### Work item
All lines from the one containing "An operator is" down to the one containing "nat \<Rightarrow> nat list", both ends included, are to be given again exactly; omit the rest of the listing below.
BEGIN Data for this task
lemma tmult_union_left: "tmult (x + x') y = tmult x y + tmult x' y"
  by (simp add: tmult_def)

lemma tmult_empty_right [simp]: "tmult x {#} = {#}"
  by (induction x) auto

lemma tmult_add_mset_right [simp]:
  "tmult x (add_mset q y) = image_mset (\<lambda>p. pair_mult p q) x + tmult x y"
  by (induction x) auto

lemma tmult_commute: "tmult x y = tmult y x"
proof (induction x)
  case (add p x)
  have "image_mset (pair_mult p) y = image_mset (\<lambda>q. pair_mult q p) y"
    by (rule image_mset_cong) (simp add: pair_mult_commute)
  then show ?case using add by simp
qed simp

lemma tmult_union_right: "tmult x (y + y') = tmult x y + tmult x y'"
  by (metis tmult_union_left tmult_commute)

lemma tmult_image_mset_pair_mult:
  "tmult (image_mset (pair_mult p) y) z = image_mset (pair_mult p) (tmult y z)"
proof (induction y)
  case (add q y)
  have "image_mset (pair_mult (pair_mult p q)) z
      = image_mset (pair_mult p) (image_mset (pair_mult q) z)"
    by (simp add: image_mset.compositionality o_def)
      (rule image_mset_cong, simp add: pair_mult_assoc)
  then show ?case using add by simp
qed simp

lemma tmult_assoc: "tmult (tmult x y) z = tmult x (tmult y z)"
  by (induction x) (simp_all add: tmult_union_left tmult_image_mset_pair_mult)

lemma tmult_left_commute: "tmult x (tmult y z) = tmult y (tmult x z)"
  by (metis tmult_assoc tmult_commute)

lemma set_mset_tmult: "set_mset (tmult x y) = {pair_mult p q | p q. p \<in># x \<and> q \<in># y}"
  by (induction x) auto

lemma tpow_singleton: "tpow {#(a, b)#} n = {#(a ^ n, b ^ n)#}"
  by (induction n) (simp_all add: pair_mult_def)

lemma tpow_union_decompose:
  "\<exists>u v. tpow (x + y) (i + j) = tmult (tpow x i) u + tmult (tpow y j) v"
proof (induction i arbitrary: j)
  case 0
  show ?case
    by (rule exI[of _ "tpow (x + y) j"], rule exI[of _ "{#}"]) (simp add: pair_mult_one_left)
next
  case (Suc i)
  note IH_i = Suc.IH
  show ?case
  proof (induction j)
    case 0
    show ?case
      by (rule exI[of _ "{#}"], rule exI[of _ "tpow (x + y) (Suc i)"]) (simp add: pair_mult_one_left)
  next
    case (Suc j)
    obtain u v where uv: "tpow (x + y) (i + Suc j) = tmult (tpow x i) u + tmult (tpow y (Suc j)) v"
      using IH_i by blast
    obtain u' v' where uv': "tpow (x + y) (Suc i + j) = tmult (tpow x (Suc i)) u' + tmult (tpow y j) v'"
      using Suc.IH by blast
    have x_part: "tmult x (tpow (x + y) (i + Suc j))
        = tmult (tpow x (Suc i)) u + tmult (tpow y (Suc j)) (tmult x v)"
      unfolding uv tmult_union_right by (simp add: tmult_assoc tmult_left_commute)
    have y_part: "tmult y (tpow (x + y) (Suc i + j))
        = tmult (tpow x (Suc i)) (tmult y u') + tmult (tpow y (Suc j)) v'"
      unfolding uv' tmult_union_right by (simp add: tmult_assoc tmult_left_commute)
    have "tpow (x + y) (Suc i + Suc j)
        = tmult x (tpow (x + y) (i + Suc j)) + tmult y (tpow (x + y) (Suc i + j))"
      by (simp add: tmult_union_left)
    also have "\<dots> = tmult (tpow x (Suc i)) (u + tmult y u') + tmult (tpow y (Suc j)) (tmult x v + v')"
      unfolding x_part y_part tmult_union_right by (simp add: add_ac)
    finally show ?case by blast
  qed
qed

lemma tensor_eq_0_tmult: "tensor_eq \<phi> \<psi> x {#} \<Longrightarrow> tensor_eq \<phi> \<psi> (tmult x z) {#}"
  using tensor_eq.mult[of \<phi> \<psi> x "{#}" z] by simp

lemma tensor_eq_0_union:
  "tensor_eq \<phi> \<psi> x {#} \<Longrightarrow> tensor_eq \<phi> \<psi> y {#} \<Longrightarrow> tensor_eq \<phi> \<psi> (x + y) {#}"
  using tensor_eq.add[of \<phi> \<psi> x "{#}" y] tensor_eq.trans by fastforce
END Data for this task
BEGIN Data for this task
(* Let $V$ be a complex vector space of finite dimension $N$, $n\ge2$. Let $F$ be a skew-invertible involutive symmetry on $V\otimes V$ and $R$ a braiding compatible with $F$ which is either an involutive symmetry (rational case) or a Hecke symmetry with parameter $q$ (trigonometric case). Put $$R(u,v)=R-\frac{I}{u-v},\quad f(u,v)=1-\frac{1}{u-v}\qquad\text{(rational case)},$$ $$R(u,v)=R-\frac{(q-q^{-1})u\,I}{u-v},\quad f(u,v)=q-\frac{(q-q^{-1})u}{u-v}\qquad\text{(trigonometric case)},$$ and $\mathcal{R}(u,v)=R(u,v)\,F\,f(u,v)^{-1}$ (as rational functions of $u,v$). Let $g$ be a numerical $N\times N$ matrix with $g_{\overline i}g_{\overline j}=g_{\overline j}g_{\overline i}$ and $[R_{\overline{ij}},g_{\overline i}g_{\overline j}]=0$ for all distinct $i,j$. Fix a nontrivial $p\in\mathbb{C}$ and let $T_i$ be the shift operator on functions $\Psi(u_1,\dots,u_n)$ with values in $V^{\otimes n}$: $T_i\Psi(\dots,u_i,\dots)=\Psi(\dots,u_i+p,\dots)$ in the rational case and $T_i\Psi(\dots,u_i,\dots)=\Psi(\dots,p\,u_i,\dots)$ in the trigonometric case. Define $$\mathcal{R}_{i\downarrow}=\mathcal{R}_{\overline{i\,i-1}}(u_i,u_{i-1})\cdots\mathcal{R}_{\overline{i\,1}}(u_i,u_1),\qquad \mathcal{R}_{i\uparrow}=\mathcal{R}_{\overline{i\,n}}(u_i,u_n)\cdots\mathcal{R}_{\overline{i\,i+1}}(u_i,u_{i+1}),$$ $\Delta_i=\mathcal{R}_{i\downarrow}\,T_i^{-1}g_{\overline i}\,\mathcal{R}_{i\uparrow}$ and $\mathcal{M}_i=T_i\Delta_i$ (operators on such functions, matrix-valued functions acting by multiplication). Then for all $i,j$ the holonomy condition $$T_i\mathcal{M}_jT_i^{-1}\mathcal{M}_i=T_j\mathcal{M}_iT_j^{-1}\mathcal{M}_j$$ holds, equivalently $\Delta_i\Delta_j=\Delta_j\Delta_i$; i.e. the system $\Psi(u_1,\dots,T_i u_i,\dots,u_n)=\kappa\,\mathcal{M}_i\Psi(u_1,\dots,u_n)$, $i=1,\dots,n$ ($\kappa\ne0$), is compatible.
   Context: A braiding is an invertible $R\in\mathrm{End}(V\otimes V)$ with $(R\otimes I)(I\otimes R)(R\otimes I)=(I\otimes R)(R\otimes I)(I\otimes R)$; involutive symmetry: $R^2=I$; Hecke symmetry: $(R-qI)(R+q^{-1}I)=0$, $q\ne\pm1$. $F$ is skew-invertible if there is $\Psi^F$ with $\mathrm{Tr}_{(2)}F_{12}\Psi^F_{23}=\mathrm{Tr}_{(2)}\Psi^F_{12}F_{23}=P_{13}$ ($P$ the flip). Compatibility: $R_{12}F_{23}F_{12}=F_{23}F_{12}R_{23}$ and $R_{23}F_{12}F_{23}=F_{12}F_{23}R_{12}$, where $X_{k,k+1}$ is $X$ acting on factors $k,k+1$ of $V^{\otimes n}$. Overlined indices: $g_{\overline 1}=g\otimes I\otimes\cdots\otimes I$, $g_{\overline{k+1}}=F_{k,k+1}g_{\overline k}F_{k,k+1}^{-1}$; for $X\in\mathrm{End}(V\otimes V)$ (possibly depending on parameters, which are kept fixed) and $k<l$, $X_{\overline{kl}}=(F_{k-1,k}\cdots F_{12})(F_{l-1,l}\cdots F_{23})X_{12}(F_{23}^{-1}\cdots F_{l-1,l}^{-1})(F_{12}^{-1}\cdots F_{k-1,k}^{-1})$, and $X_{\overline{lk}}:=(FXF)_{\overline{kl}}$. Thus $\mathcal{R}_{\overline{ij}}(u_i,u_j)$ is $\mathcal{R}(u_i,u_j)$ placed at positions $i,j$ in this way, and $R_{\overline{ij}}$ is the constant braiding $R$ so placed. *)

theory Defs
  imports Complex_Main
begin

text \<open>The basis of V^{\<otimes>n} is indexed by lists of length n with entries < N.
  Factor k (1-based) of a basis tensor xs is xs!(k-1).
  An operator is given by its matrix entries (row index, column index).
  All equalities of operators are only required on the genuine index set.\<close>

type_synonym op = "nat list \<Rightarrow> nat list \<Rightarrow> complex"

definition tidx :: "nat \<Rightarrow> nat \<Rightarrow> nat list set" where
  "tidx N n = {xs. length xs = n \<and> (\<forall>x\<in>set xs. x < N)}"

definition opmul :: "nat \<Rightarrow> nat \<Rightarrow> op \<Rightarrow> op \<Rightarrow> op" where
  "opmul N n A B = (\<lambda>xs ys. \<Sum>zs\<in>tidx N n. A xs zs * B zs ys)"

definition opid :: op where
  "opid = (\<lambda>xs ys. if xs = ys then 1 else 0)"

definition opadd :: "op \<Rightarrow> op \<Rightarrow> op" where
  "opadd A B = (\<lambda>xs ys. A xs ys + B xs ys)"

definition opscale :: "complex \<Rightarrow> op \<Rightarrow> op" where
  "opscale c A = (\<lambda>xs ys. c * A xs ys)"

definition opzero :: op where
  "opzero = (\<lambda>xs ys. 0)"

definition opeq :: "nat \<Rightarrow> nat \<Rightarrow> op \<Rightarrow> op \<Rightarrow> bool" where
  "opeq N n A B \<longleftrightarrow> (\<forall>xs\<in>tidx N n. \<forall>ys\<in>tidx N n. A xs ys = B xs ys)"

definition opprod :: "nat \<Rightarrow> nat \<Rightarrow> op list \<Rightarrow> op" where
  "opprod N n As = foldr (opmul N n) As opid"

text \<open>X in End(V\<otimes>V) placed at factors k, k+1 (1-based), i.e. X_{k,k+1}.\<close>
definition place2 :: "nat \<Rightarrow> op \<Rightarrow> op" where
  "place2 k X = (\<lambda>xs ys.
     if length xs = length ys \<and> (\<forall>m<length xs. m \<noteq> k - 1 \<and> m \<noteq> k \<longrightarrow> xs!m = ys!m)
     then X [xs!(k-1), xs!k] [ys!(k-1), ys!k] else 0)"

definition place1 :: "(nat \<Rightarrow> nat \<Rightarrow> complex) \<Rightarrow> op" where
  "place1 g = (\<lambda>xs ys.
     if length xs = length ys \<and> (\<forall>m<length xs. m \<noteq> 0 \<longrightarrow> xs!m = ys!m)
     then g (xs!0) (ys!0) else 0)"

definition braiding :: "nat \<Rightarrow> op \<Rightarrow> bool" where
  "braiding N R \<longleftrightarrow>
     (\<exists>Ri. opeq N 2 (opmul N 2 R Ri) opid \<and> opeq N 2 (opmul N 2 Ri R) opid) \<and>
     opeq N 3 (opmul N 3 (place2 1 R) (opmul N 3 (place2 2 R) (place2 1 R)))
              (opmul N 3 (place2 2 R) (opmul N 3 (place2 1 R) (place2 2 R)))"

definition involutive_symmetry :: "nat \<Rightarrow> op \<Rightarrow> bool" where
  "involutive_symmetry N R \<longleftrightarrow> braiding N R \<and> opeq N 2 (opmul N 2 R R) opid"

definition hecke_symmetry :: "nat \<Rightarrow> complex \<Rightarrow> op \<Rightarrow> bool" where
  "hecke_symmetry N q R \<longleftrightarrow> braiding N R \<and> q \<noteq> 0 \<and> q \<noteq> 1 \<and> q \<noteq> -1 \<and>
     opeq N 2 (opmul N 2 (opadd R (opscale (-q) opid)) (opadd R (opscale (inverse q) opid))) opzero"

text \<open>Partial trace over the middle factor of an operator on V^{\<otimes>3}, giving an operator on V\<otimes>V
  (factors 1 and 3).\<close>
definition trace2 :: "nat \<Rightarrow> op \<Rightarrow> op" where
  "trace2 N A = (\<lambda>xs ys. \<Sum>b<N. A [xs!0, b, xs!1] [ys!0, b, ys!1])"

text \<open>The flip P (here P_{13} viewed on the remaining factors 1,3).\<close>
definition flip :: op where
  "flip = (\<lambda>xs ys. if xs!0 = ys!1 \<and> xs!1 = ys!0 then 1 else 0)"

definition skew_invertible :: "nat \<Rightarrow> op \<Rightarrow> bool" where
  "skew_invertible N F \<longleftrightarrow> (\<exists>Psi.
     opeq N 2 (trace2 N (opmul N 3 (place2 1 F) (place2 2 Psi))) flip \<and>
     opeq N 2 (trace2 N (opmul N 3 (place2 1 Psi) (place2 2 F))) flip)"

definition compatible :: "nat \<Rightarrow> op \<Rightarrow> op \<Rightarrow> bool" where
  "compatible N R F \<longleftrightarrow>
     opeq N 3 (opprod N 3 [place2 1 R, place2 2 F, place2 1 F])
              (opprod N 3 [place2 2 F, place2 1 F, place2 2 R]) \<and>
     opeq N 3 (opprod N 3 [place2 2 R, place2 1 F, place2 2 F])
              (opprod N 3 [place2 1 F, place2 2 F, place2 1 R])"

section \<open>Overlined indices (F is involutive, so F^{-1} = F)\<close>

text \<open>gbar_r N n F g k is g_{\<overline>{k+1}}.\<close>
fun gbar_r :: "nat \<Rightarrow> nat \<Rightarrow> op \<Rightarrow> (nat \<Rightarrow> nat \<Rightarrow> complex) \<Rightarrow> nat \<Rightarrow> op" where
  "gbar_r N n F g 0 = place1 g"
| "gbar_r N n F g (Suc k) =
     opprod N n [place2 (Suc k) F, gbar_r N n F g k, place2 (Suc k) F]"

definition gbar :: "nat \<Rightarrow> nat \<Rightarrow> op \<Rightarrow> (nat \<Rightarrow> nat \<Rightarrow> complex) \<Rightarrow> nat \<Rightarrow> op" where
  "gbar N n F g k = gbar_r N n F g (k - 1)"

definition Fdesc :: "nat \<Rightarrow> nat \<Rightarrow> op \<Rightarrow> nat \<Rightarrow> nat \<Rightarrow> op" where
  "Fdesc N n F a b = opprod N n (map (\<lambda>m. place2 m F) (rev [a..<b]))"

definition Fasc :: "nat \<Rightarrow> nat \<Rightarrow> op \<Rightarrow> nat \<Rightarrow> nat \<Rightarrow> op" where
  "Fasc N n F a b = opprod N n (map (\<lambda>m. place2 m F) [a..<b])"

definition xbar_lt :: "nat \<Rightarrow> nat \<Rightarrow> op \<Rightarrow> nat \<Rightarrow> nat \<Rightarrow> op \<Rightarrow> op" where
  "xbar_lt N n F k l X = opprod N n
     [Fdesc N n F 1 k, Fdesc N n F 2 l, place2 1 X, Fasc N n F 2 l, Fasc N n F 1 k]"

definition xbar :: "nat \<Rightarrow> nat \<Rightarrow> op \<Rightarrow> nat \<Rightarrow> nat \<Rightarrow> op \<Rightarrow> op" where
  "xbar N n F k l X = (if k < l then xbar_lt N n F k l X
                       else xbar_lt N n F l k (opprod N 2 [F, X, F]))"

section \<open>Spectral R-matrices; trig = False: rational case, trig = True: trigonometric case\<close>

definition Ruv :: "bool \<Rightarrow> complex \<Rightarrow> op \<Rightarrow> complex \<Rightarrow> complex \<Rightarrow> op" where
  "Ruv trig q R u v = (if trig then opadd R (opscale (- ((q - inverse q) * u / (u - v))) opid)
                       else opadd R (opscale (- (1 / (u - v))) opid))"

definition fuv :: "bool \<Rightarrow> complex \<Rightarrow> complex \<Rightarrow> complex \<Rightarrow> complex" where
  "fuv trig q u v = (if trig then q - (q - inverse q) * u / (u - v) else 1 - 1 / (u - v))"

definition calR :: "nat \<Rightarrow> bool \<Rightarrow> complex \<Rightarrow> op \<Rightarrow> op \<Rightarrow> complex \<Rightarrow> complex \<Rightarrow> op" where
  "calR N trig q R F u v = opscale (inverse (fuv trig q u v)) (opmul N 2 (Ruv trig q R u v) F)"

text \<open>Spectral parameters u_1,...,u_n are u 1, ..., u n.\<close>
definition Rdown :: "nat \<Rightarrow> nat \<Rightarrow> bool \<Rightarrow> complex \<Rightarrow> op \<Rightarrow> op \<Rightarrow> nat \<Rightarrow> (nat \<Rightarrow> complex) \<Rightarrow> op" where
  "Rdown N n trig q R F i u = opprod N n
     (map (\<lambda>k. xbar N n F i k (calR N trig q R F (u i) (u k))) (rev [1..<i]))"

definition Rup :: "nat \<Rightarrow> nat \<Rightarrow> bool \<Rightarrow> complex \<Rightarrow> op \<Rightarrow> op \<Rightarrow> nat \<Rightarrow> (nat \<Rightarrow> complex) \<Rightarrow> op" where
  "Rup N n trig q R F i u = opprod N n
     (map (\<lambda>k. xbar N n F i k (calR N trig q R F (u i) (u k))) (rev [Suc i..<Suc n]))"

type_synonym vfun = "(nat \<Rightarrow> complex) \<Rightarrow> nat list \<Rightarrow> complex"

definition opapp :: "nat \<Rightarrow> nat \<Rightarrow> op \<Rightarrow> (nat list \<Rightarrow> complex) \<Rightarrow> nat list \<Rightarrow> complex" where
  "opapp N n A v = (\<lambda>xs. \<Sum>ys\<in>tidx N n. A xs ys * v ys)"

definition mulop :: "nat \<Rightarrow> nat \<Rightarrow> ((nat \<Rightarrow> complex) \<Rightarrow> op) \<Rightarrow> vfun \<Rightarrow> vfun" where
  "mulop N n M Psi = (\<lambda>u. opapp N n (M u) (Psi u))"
END Data for this task
### Solved exercise
  An operator is given by its matrix entries (row index, column index).
  All equalities of operators are only required on the genuine index set.\<close>

type_synonym op = "nat list \<Rightarrow> nat list \<Rightarrow> complex"

definition tidx :: "nat \<Rightarrow> nat \<Rightarrow> nat list set" where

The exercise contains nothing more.